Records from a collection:
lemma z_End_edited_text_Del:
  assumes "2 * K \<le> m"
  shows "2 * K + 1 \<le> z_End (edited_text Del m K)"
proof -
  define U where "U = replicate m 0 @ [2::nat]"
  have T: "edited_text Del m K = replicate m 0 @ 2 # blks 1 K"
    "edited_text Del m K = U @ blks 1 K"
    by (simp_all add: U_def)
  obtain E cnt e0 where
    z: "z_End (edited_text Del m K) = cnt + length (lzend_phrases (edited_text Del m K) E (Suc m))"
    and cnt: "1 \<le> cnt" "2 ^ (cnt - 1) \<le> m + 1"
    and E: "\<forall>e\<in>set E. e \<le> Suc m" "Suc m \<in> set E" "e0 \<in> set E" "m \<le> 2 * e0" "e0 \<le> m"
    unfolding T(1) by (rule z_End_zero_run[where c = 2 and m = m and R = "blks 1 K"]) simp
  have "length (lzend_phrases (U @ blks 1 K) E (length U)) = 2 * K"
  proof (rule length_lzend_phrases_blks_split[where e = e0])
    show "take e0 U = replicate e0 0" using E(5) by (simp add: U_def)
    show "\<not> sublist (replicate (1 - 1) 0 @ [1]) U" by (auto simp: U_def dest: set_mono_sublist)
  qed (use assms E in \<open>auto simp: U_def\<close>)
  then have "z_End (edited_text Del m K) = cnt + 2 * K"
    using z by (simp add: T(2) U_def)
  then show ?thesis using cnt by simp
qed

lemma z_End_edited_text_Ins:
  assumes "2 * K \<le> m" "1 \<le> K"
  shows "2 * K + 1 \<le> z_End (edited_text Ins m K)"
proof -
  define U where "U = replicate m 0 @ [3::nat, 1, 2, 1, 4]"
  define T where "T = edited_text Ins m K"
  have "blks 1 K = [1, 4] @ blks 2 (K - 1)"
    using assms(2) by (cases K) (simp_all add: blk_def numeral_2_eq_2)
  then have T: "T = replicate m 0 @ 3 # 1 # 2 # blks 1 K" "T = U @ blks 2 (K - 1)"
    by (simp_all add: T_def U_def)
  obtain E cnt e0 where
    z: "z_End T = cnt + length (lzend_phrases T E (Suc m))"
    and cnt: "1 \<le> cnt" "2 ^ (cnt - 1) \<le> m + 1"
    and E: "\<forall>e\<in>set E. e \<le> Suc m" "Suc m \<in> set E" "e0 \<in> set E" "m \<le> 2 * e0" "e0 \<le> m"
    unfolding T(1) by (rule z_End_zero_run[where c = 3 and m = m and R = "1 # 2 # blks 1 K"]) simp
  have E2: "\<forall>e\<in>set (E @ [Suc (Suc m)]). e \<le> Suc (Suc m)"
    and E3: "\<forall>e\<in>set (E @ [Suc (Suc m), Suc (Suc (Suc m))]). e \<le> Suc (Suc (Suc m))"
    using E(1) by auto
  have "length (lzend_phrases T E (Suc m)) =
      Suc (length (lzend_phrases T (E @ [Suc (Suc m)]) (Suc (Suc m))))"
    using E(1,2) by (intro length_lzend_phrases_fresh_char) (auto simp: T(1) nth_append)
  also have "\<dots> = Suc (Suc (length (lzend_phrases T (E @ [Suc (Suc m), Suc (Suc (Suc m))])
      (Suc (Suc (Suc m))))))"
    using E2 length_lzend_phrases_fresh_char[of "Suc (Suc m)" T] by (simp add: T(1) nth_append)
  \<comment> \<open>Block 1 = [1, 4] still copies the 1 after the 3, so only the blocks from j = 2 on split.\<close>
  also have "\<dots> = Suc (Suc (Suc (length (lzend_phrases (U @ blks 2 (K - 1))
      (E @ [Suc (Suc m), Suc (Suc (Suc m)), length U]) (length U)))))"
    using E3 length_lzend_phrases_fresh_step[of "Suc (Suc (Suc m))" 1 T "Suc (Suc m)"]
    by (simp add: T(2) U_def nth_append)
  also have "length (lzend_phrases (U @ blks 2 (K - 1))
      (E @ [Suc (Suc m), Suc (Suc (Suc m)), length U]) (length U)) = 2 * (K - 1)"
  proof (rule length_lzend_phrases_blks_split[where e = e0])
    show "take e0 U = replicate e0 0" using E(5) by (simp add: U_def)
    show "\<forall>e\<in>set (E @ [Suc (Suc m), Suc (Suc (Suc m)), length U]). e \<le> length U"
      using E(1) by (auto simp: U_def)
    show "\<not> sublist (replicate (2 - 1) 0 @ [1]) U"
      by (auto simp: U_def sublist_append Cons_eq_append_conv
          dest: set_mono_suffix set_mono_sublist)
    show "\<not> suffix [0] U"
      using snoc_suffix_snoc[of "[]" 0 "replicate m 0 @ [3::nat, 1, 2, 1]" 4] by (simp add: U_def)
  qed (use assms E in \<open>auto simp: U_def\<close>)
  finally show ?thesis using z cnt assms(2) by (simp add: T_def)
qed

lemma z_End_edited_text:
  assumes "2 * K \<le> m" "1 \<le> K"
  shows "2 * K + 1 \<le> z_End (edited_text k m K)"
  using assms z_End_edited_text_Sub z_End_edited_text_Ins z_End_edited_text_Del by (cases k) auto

* **Your assignment**
Only the lines from the one containing "Suc (length (lzend_phrases T (E @ [Suc (Suc m)])" through the last line of the records above are to be reproduced, exactly and with both ends included.

* **Finished exercise**
      Suc (length (lzend_phrases T (E @ [Suc (Suc m)]) (Suc (Suc m))))"
    using E(1,2) by (intro length_lzend_phrases_fresh_char) (auto simp: T(1) nth_append)
  also have "\<dots> = Suc (Suc (length (lzend_phrases T (E @ [Suc (Suc m), Suc (Suc (Suc m))])
      (Suc (Suc (Suc m))))))"
    using E2 length_lzend_phrases_fresh_char[of "Suc (Suc m)" T] by (simp add: T(1) nth_append)
  \<comment> \<open>Block 1 = [1, 4] still copies the 1 after the 3, so only the blocks from j = 2 on split.\<close>
  also have "\<dots> = Suc (Suc (Suc (length (lzend_phrases (U @ blks 2 (K - 1))
      (E @ [Suc (Suc m), Suc (Suc (Suc m)), length U]) (length U)))))"
    using E3 length_lzend_phrases_fresh_step[of "Suc (Suc (Suc m))" 1 T "Suc (Suc m)"]
    by (simp add: T(2) U_def nth_append)
  also have "length (lzend_phrases (U @ blks 2 (K - 1))
      (E @ [Suc (Suc m), Suc (Suc (Suc m)), length U]) (length U)) = 2 * (K - 1)"
  proof (rule length_lzend_phrases_blks_split[where e = e0])
    show "take e0 U = replicate e0 0" using E(5) by (simp add: U_def)
    show "\<forall>e\<in>set (E @ [Suc (Suc m), Suc (Suc (Suc m)), length U]). e \<le> length U"
      using E(1) by (auto simp: U_def)
    show "\<not> sublist (replicate (2 - 1) 0 @ [1]) U"
      by (auto simp: U_def sublist_append Cons_eq_append_conv
          dest: set_mono_suffix set_mono_sublist)
    show "\<not> suffix [0] U"
      using snoc_suffix_snoc[of "[]" 0 "replicate m 0 @ [3::nat, 1, 2, 1]" 4] by (simp add: U_def)
  qed (use assms E in \<open>auto simp: U_def\<close>)
  finally show ?thesis using z cnt assms(2) by (simp add: T_def)
qed

lemma z_End_edited_text:
  assumes "2 * K \<le> m" "1 \<le> K"
  shows "2 * K + 1 \<le> z_End (edited_text k m K)"
  using assms z_End_edited_text_Sub z_End_edited_text_Ins z_End_edited_text_Del by (cases k) auto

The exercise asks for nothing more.